Sacha est là, devant moi. Il est vivant! Même à Bija-Ri, quand Sarah m'a quitté, je n'ai pas ressenti ce froid envahissant, paralysant. Dans ma tête, tout est vide. Plus aucune pensée. Le Black Out! Un bourdonnement s'est installé dans mes oreilles, me coupant des événements qui m'entourent. Je vois ce qui se passe au ralenti, je ne peux rien faire.
Une jambe se dérobe sous l’homme à la crinière blonde. Il s’effondre au sol, les yeux toujours rivés sur ma reine. Les gens s’écartent, Sarah lâche vivement ma main pour se précipiter vers lui en criant son nom, elle s’agenouille et saisit le visage de Sacha dans ses mains. Il la regarde, visiblement perdu. Puis d’un geste brusque, il porte ses mains à ses tempes et gémit longuement dans une grimace d’intense souffrance. Il s’arque-boute, à genoux, fermé sur sa douleur. Alors, comme d’habitude en situation de crise, Sarah reprend immédiatement son sang-froid. Elle prend doucement Sacha par les épaules, l’aide à se relever lentement, secondée par la compagne blonde. Mika nous a rejoints au cri de sa mère. Il aide Sarah à remettre l’homme debout et nous aide à l’accompagner à une table de la terrasse d’un café.
Sacha est accoudé sur la table, les mains croisées derrière sa nuque, tête baissée, une horrible grimace de souffrance déforme son visage. Sarah, assise à côté, caresse doucement sa crinière. Pourtant son regard dément la douceur de ses gestes. D’un ton sec, elle ordonne :
"Reste avec nous, le Tsar ! Faut nous expliquer. La douleur va passer. Mika, de l’eau s’il te plait.
-Le Tsar ? s’étonne Mika. LE TSAR !?"
Frappé par la révélation, il saisit la tête du blond et l’oblige à le regarder puis le lâche presqu’aussitôt, surpris. Il recule précipitamment.
"C’est pas vrai ! C’est pas vrai ! Mais tu es mort ! C’est vraiment toi, beau-papa ?
J'encaisse. Il y a deux minutes encore, c’était moi le beau papa. Ah non ! pour être honnête, pour Mika je suis 아버지 (Habodji =père). Il a opté pour le terme coréen.
-Le Tsar est là ! C’est un beau jour pour renaître !
Puis il prend conscience de ma présence, se raidit et remarque juste : C’est un miracle qui va se compliquer. "
Sans ajouter un mot, Mika va prendre une carafe d’eau au comptoir et revient la tendre à sa mère.

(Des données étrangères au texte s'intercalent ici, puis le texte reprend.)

lemma scaled_slope_increment_small:
  assumes "e > 0"
  obtains \<delta> where "\<delta> > 0" "\<And>h t. \<bar>h\<bar> < \<delta> \<Longrightarrow> (\<And>s. s \<in> {0..T} \<Longrightarrow> perturbed h s \<in> {-pi..pi}) \<Longrightarrow>
    t \<in> {0..T} \<Longrightarrow> \<bar>scaled_slope h t - scaled_slope h 0\<bar> \<le> e * \<bar>h\<bar>"
proof -
  have "e / T > 0" and "0 \<in> {0..T}"
    using assms T_pos by simp_all
  then obtain \<delta> where "\<delta> > 0" and \<delta>: "\<And>h s. \<bar>h\<bar> < \<delta> \<Longrightarrow> s \<in> {0..T} \<Longrightarrow>
      perturbed h s \<in> {-pi..pi} \<Longrightarrow> \<bar>scaled_slope_deriv h s\<bar> \<le> e / T * \<bar>h\<bar>"
    using scaled_slope_deriv_small by metis
  show ?thesis
  proof (rule that[OF \<open>\<delta> > 0\<close>])
    fix h t assume h: "\<bar>h\<bar> < \<delta>" and inside: "\<And>s. s \<in> {0..T} \<Longrightarrow> perturbed h s \<in> {-pi..pi}"
      and t: "t \<in> {0..T}"
    have D: "norm (scaled_slope_deriv h s) \<le> e / T * \<bar>h\<bar>" if "s \<in> {0..T}" for s
      using \<delta>[OF h that inside[OF that]] by simp
    have "norm (scaled_slope h t - scaled_slope h 0) \<le> e / T * \<bar>h\<bar> * norm (t - 0)"
      using field_differentiable_bound[OF convex_real_interval(5) scaled_slope_has_derivative[OF inside]
          D t \<open>0 \<in> {0..T}\<close>] .
    also have "\<dots> \<le> e / T * \<bar>h\<bar> * T"
      using t assms T_pos by (intro mult_left_mono) simp_all
    finally show "\<bar>scaled_slope h t - scaled_slope h 0\<bar> \<le> e * \<bar>h\<bar>"
      using T_pos by simp
  qed
qed

lemma scaled_slope_quotient_tendsto:
  assumes "\<bar>\<sigma>\<bar> = 1" "h0 > 0"
    and inside: "\<And>k. 0 < k \<Longrightarrow> k < h0 \<Longrightarrow> perturbed (\<sigma> * k) r \<in> {-pi..pi}"
    and r: "r \<in> {0..T}"
  shows "((\<lambda>k. scaled_slope (\<sigma> * k) r / (\<sigma> * k)) \<longlongrightarrow> a_xx r (xs r)) (at_right 0)"
proof -
  have quotient: "((\<lambda>y. (a_x r y - a_x r (xs r)) / (y - xs r)) \<longlongrightarrow> a_xx r (xs r))
      (at (xs r) within {-pi..pi})"
    using has_partials_x[OF a_x rect_slice_x[OF r] char_range[OF r]]
    by (simp add: has_field_derivative_iff)
  have "((\<lambda>k. perturbed (\<sigma> * k) r) \<longlongrightarrow> perturbed (\<sigma> * 0) r) (at_right 0)"
    unfolding perturbed_def by (intro tendsto_intros)
  then have "((\<lambda>k. perturbed (\<sigma> * k) r) \<longlongrightarrow> xs r) (at_right 0)"
    by (simp add: perturbed_0)
  moreover have "\<forall>\<^sub>F k in at_right 0. perturbed (\<sigma> * k) r \<in> {-pi..pi} \<and> perturbed (\<sigma> * k) r \<noteq> xs r"
    using eventually_at_right_real[OF \<open>h0 > 0\<close>]
  proof eventually_elim
    case (elim k)
    then show ?case
      using inside[of k] assms(1) by (auto simp: perturbed_def)
  qed
  ultimately have "filterlim (\<lambda>k. perturbed (\<sigma> * k) r) (at (xs r) within {-pi..pi}) (at_right 0)"
    unfolding filterlim_at by blast
  from filterlim_compose[OF quotient this]
  have "((\<lambda>k. (a_x r (perturbed (\<sigma> * k) r) - a_x r (xs r)) / (perturbed (\<sigma> * k) r - xs r))
      \<longlongrightarrow> a_xx r (xs r)) (at_right 0)" .
  moreover have "\<forall>\<^sub>F k in at_right 0.
      (a_x r (perturbed (\<sigma> * k) r) - a_x r (xs r)) / (perturbed (\<sigma> * k) r - xs r)
        = scaled_slope (\<sigma> * k) r / (\<sigma> * k)"
    using eventually_at_right_real[OF \<open>h0 > 0\<close>]
  proof eventually_elim
    case (elim k)
    then have "\<sigma> * k \<noteq> 0"
      using assms(1) by auto
    then show ?case
      using a_x_along_char[OF r]
      by (simp add: scaled_slope_def perturbed_def exp_minus divide_inverse mult_ac)
  qed
  ultimately show ?thesis
    by (rule Lim_transform_eventually)
qed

Elle tourne la tête de droite et de gauche, sans lâcher le visage de Sacha. Elle cherche quelque chose. Ne trouvant rien, elle pose le verre, se lève et saisit le bas de sa robe pour le déchirer. Comprenant enfin son intention, j’arrête son geste, retire mon t-shirt et renverse le verre d’eau dessus. Je me lève et fais un bandeau autour de la tête du grand blond, comprimant ainsi les tempes et le front, comme me l’a enseigné Sarah. Points de shiatzu pour contrer le mal de tête. Car si je ne me montre pas à la hauteur, je sens que je vais perdre la femme de ma vie. Et j’ai bien fait : elle apprécie mon initiative et me remercie. Elle se lève à son tour pour se pelotonner contre moi, me caressant doucement le dos. Je l’ai dit, elle n’a jamais su résister à mon corps ! Et là, je m’en sers comme une arme. Je passe un bras autour de son épaule, soulagé.
Sacha semble aller un peu mieux. Il lève les yeux vers Sarah et déclare d’une voix encore faible :
"Tu t’appelles Sarah N’Gué, tu es ma Shogun. Et tu es ma femme.
-Tiens, tu t’en souviens ? Au bout de trois ans ? Répond Sarah, ironique, un sourire sarcastique aux lèvres.
Un temps d’arrêt où il remarque que je tiens mon bras sur son épaule. Elle glisse sa main dans la mienne, entrelaçant nos doigts, comme une déclaration pour Sacha et moi: quoi qu'il arrive, elle ne me quittera pas.
"Ah ! Peut-être plus. Je suis vraiment en retard !"
Il serre de nouveau sa tête entre ses deux mains crispées. Son attention est tournée entièrement sur sa douleur. Il reste ainsi plusieurs minutes. Nous en profitons pour nous assoir et digérer la situation. Je l'observe avec méfiance. J'ai beau ne pas l'aimer, je ne peux nier qu'il est vraiment très beau. Avec ses yeux bleu-caraïbe, sa crinière blonde, ses traits fermes, ses lèvres pleines et son corps musclé, il a tout d'une beauté exotique. Je ne pourrai pas rivaliser. Je me sens perdu. tout ce que je sais c'est que feu le mari de ma femme est vivant, qu'il est beau comme un dieu et que nous sommes trois à avoir peur, à être tristes.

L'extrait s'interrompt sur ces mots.